-
Notifications
You must be signed in to change notification settings - Fork 0
Dictionaries
Dictionaries manage mappings between sets of strings (usually words or n-grams) and integers. A basic dictionary can be created from a matrix of strings (a CSMat) or an SBMat.
> val a = csrow("you", "me", "them") > val d = Dict(a) > d(1) me > d("them") 2 > d(irow(0,2)) you,them
Its often useful to maintain counts of terms (e.g. for tfidf weighting) so dictionaries accept a second argument which is a set of counts.

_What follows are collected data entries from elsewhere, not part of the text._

section \<open>Numerical estimates\<close>

lemma coordinate_gain_ge:
  fixes q l \<rho> r :: real and n :: nat
  defines "g \<equiv> 1 - l / q - \<rho>"
  assumes l: "1 \<le> l" "l < q" and \<rho>: "0 < \<rho>" and g: "0 < g"
    and r: "0 \<le> r" "r \<le> \<rho>" "\<rho> - 1 / real n < r"
    and n: "8 / (\<rho> * g) \<le> real n"
  shows "\<rho> + 3 / 4 * \<rho> * g \<le> 2 * r - r ^ 2 * q / (q - l)"
proof -
  define c where "c = q / (q - l)"
  have c: "1 \<le> c" "1 - \<rho> * c = g * c"
    using l by (auto simp: c_def g_def field_simps)
  have n_ge: "8 \<le> real n * (\<rho> * g)"
    using n \<rho> g by (simp add: divide_le_eq)
  then have "0 < real n"
    by (cases "n = 0") auto
  with n_ge have "2 / real n \<le> \<rho> * g / 4"
    by (simp add: field_simps)
  have "(2 * \<rho> - \<rho> ^ 2 * c) - (2 * r - r ^ 2 * c) = 2 * (\<rho> - r) - (\<rho> ^ 2 - r ^ 2) * c"
    by (simp add: algebra_simps)
  also have "\<dots> \<le> 2 * (\<rho> - r)"
    using r c by (simp add: power_mono)
  also have "\<dots> \<le> 2 / real n"
    using r by (simp add: field_simps)
  also have "\<dots> \<le> \<rho> * g / 4" by fact
  finally have "2 * \<rho> - \<rho> ^ 2 * c - \<rho> * g / 4 \<le> 2 * r - r ^ 2 * c"
    by simp
  moreover have "2 * \<rho> - \<rho> ^ 2 * c = \<rho> + \<rho> * g * c"
  proof -
    have "2 * \<rho> - \<rho> ^ 2 * c = \<rho> + \<rho> * (1 - \<rho> * c)"
      by (simp add: algebra_simps power2_eq_square)
    then show ?thesis
      using c(2) by simp
  qed
  moreover have "\<rho> * g \<le> \<rho> * g * c"
    using c(1) \<rho> g by simp
  moreover have "r ^ 2 * q / (q - l) = r ^ 2 * c"
    by (simp add: c_def)
  ultimately show ?thesis
    by linarith
qed
(* Generalised pp-waves with purely axial torsion whose Levi-Civita Ricci curvature $\{Ric\}$ is parallel (i.e. $\{\nabla\}\{Ric\}=0$, where $\{\nabla\}$ is the Levi-Civita covariant derivative and $\{Ric\}$ the Ricci tensor of the Levi-Civita connection) are solutions of the system of Euler–Lagrange equations $\partial S/\partial g=0$, $\partial S/\partial \Gamma=0$ in the Yang–Mills case $q(R)=R^\kappa{}_{\lambda\mu\nu}R^\lambda{}_\kappa{}^{\mu\nu}$.
   Context: Setting: quadratic metric-affine gravity. Spacetime is a connected real 4-manifold $M$ with a Lorentzian metric $g$ and an independent affine connection $\Gamma$ (unknowns: the 10 components $g_{\mu\nu}$ and the 64 coefficients $\Gamma^\lambda{}_{\mu\nu}$). The action is $S=\int q(R)$, with $\int f := \int f\sqrt{|\det g|}\,dx^0dx^1dx^2dx^3$, where $R$ is the curvature of $\Gamma$ and $q$ is an $O(1,3)$-invariant quadratic form on curvature; varying $S$ independently in $g$ and $\Gamma$ gives the system $\partial S/\partial g=0$, $\partial S/\partial \Gamma=0$. Torsion is $T^\lambda{}_{\mu\nu}=\Gamma^\lambda{}_{\mu\nu}-\Gamma^\lambda{}_{\nu\mu}$. A pp-metric is one which in local coordinates $(x^0,x^1,x^2,x^3)$ reads $ds^2=2\,dx^0dx^3-(dx^1)^2-(dx^2)^2+f(x^1,x^2,x^3)(dx^3)^2$; it admits a nonvanishing spinor field $\chi$ parallel with respect to the Levi-Civita connection, with $\chi^a=(1,0)$, the parallel real null vector field $l^\alpha=\sigma^\alpha{}_{a\dot b}\chi^a\bar\chi^{\dot b}$, $l^\mu=(1,0,0,0)$, and a complex vector field $m^\mu=(0,1,\mp i,0)$ with $m_\alpha m^\alpha=l_\alpha m^\alpha=0$, $m_\alpha\bar m^\alpha=-2$. The phase is $\varphi(x)=\int l\cdot dx$, which equals $x^3+\mathrm{const}$ in these coordinates. Definition: a generalised pp-wave with purely axial torsion is a metric compatible spacetime ($\nabla g=0$) with pp-metric and torsion $T=*A$, where $A=k(\varphi)\,l$ and $k:\mathbb{R}\to\mathbb{R}$ is an arbitrary real function of the phase; equivalently $T=\mp\frac{i}{2}k(x^3)\,l\wedge m\wedge\bar m$, i.e. $T_{\kappa\mu\nu}=k(\varphi)\,l^\lambda\varepsilon_{\lambda\kappa\mu\nu}$. *)

theory Defs
  imports "HOL-Analysis.Analysis"
begin

type_synonym pt = "real^4"
type_synonym tensor2 = "pt \<Rightarrow> 4 \<Rightarrow> 4 \<Rightarrow> real"            (* g x a b = g_{ab}(x) *)
type_synonym conn = "pt \<Rightarrow> 4 \<Rightarrow> 4 \<Rightarrow> 4 \<Rightarrow> real"       (* G x l m n = Gamma^l_{mn}(x) *)

definition pd :: "(pt \<Rightarrow> real) \<Rightarrow> 4 \<Rightarrow> pt \<Rightarrow> real" where
  "pd F i x = deriv (\<lambda>t. F (x + t *\<^sub>R axis i 1)) 0"

fun pds :: "(pt \<Rightarrow> real) \<Rightarrow> 4 list \<Rightarrow> pt \<Rightarrow> real" where
  "pds F [] = F"
| "pds F (i # is) = pd (pds F is) i"

definition cinf_on :: "pt set \<Rightarrow> (pt \<Rightarrow> real) \<Rightarrow> bool" where
  "cinf_on U F \<longleftrightarrow>
     (\<forall>is. continuous_on U (pds F is) \<and>
       (\<forall>i. \<forall>x\<in>U. ((\<lambda>t. pds F is (x + t *\<^sub>R axis i 1)) has_real_derivative pds F (i # is) x) (at 0)))"

definition pp_metric :: "(real \<Rightarrow> real \<Rightarrow> real \<Rightarrow> real) \<Rightarrow> tensor2" where
  "pp_metric f x a b =
     (if (a = 0 \<and> b = 3) \<or> (a = 3 \<and> b = 0) then 1
      else if a = b \<and> (a = 1 \<or> a = 2) then -1
      else if a = 3 \<and> b = 3 then f (x$1) (x$2) (x$3)
      else 0)"

definition gmat :: "tensor2 \<Rightarrow> pt \<Rightarrow> real^4^4" where
  "gmat g x = (\<chi> i j. g x i j)"

definition ginv :: "tensor2 \<Rightarrow> tensor2" where
  "ginv g x a b = matrix_inv (gmat g x) $ a $ b"

definition vol :: "tensor2 \<Rightarrow> pt \<Rightarrow> real" where
  "vol g x = sqrt \<bar>det (gmat g x)\<bar>"

(* Levi-Civita symbol with eps_{0123} = 1 *)
definition eps :: "4 \<Rightarrow> 4 \<Rightarrow> 4 \<Rightarrow> 4 \<Rightarrow> real" where
  "eps a b c d = of_int (sgn (Rep_bit0 b - Rep_bit0 a) * sgn (Rep_bit0 c - Rep_bit0 a) *
       sgn (Rep_bit0 d - Rep_bit0 a) * sgn (Rep_bit0 c - Rep_bit0 b) *
       sgn (Rep_bit0 d - Rep_bit0 b) * sgn (Rep_bit0 d - Rep_bit0 c))"

definition curv :: "conn \<Rightarrow> pt \<Rightarrow> 4 \<Rightarrow> 4 \<Rightarrow> 4 \<Rightarrow> 4 \<Rightarrow> real" where
  "curv G x k l m n =
     pd (\<lambda>y. G y k n l) m x - pd (\<lambda>y. G y k m l) n x
     + (\<Sum>e\<in>UNIV. G x k m e * G x e n l - G x k n e * G x e m l)"

definition torsion :: "conn \<Rightarrow> pt \<Rightarrow> 4 \<Rightarrow> 4 \<Rightarrow> 4 \<Rightarrow> real" where
  "torsion G x l m n = G x l m n - G x l n m"

definition ym_density :: "tensor2 \<Rightarrow> conn \<Rightarrow> pt \<Rightarrow> real" where
  "ym_density g G x =
     (\<Sum>k\<in>UNIV. \<Sum>l\<in>UNIV. \<Sum>m\<in>UNIV. \<Sum>n\<in>UNIV. \<Sum>a\<in>UNIV. \<Sum>b\<in>UNIV.
        curv G x k l m n * curv G x l k a b * ginv g x m a * ginv g x n b) * vol g x"
(* Let $K$ be a Cantor set, let $T:K\to K$ be a homeomorphism, and let $K_1,\dots,K_N$ be pairwise disjoint Cantor sets with $K=\bigcup_{i=1}^N K_i$. Suppose that for every $1\le i\le N$ at least one of the following holds: (i) for every $y\in K_i$, $T^{-1}(y)\in K_i$; (ii) for every $x\in K_i$, $T(x)\in K_i$. Then there exists a homeomorphism $\widetilde T:K\to K$ such that for every $x\in K$ and every $i$, $\widetilde T(x)\in K_i$ if and only if $T(x)\in K_i$, and every orbit of $\widetilde T$ converges to a fixed point of $\widetilde T$.
   Context: A Cantor set is a nonempty totally disconnected, perfect, compact metric space. *)

theory Defs
  imports "HOL-Analysis.Analysis"
begin

definition cantor_set :: "'a::metric_space set \<Rightarrow> bool" where
  "cantor_set K \<longleftrightarrow> K \<noteq> {} \<and> compact K \<and> (\<forall>x\<in>K. x islimpt K) \<and>
     (\<forall>C. C \<subseteq> K \<and> connected C \<longrightarrow> (\<exists>x. C \<subseteq> {x}))"

end

theory Submission
  imports Defs
begin

text \<open>Let \<open>B\<^sub>j = T\<^sup>-\<^sup>1(K\<^sub>j)\<close>. The hypothesis says \<open>B\<^sub>j \<subseteq> K\<^sub>j\<close> or \<open>K\<^sub>j \<subseteq> B\<^sub>j\<close>, and all these pieces,
  as well as their differences, are clopen in \<open>K\<close> and hence Cantor sets. Every Cantor set is
  homeomorphic to \<open>{0,1}\<^sup>\<nat>\<close>, so we can choose homeomorphisms \<open>h\<^sub>j : B\<^sub>j \<rightarrow> K\<^sub>j\<close>: the identity if
  \<open>B\<^sub>j = K\<^sub>j\<close>; if \<open>K\<^sub>j \<subset> B\<^sub>j\<close>, a map which in coordinates prepends the digit 1, so that all its
  orbits converge to a fixed point; if \<open>B\<^sub>j \<subset> K\<^sub>j\<close>, the inverse of such a map, under which only
  its fixed point stays in \<open>B\<^sub>j\<close> forever. The \<open>h\<^sub>j\<close> glue to a homeomorphism \<open>T'\<close> with
  \<open>T'(B\<^sub>j) = K\<^sub>j\<close>, so \<open>T'\<close> and \<open>T\<close> send each point into the same piece. An orbit of \<open>T'\<close> either
  enters some \<open>K\<^sub>j \<subseteq> B\<^sub>j\<close>, after which it converges to a fixed point, or stays in one \<open>B\<^sub>j \<subset> K\<^sub>j\<close>
  forever and then is that fixed point.\<close>

section \<open>Clopen subsets of Cantor sets\<close>

text \<open>For closed \<open>X\<close>, this says that \<open>V\<close> is clopen in the subspace topology of \<open>X\<close>.\<close>
definition clopen_in :: "'a::topological_space set \<Rightarrow> 'a set \<Rightarrow> bool" where
  "clopen_in X V \<longleftrightarrow> V \<subseteq> X \<and> closed V \<and> closed (X - V)"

> val a = csrow("you", "me", "them"); val c = irow(1,2,3) > val d = Dict(a,c) > d.count(0) 1.0 > d.count("them") 3.0
Counts are implemented with doubles, rather than ints or floats. This gives plenty of precision for large dictionaries, and also the flexibility to use non-integer counts.
BIDMat like many other systems encodes strings as integer references into dictionaries. There is no universal dictionary, and dictionaries are typically created by merging local dictionaries built from subsets of a corpus. When a dictionary is changed, previous references to that dictionary need to be updated. The dictionary class (Dict) includes an operator -->
which does computes a mapping from one dictionary into another. Lets suppose d1
and d2
are two dictionaries, and i1
and i2
are IMats of references into them. We can first create a merged dictionary d
and then compute mappings and updated references like this:
> val d = Dict.union(d1,d2) > val map1 = d1 --> d > val map2 = d2 --> d
now we can use the maps to update the indices. Suppose:
> val d1 = Dict(csrow("it","was","the","best","of","times")) > val i1 = irow(0,1,2,3,4,5) > val d2 = Dict(csrow("it","was","the","worst","of","times")) > val i2 = irow(0,1,2,3,4,5) > d1(i1) it,was,the,best,of,times > d2(i2) it,was,the,worst,of,times > val d = Dict.union(d1,d2) > d.cstr.t it,was,the,best,of,times,worst > val dm1 = d1 --> d ... > val dm2 = d2 --> d ... > val i1x = dm1(i1) 0,1,2,3,4,5 > val i2x = dm2(i2) 0,1,2,6,4,5 > d(i1x \ i2x) it,was,the,best,of,times,it,was,the,worst,of,times
Since its common to need the maps when merging dictionaries, a single function is provided to do this:
> val (d, dm1, dm2) = Dict.union3(d1,d2)
The dictionary constructor does not check by default if the input strings are unique or not. So its possible to create dictionaries with repeated entries. You can use the flatten method to create a valid dictionary from a redundant one:
> val dd = Dict(csrow("the","time","has","come","the","walrus","said")) > dd.cstr the,time,has,come,the,walrus,said > val d = dd.flatten > d.cstr.t the,time,has,come,walrus,said
IDicts extend the functionality of string dictionaries to n-grams. An IDict is built from a IMat argument whose rows represent n-grams. A set of bigrams would be represented as an IMat with two columns, trigrams with a 3-column IMat, and unigrams with a single-column IMat. As with Dicts, the IDict constructor does not look for repeated rows. To construct a valid IDict from a collection of n-grams, use this command:
> val a = IMat(floor(3*rand(7,3))) 1 1 1 1 0 1 1 0 0 1 1 1 1 0 1 1 1 0 0 0 0 > val da = IDict.dictFromData(a) > da.grams 0 0 0 1 0 0 1 0 1 1 1 0 1 1 1
which produces a unique set of (sorted) n-grams. You can also use the flatten method on an already-created dictionary:
> val a = IMat(floor(3*rand(7,3))) > val da = IDict(a) > a.grams 1 1 1 1 0 1 1 0 0 1 1 1 1 0 1 1 1 0 0 0 0 > val fa = a.flatten > fa.grams 0 0 0 1 0 0 1 0 1 1 1 0 1 1 1
IDicts are used to support n-gram features. Each n-gram feature is an index into a row of an IDict dictionary. The entries in an IDict are integers which in turn point to a string in a Dict dictionary. You can merge and compute remappings for IDicts just as you would for Dicts.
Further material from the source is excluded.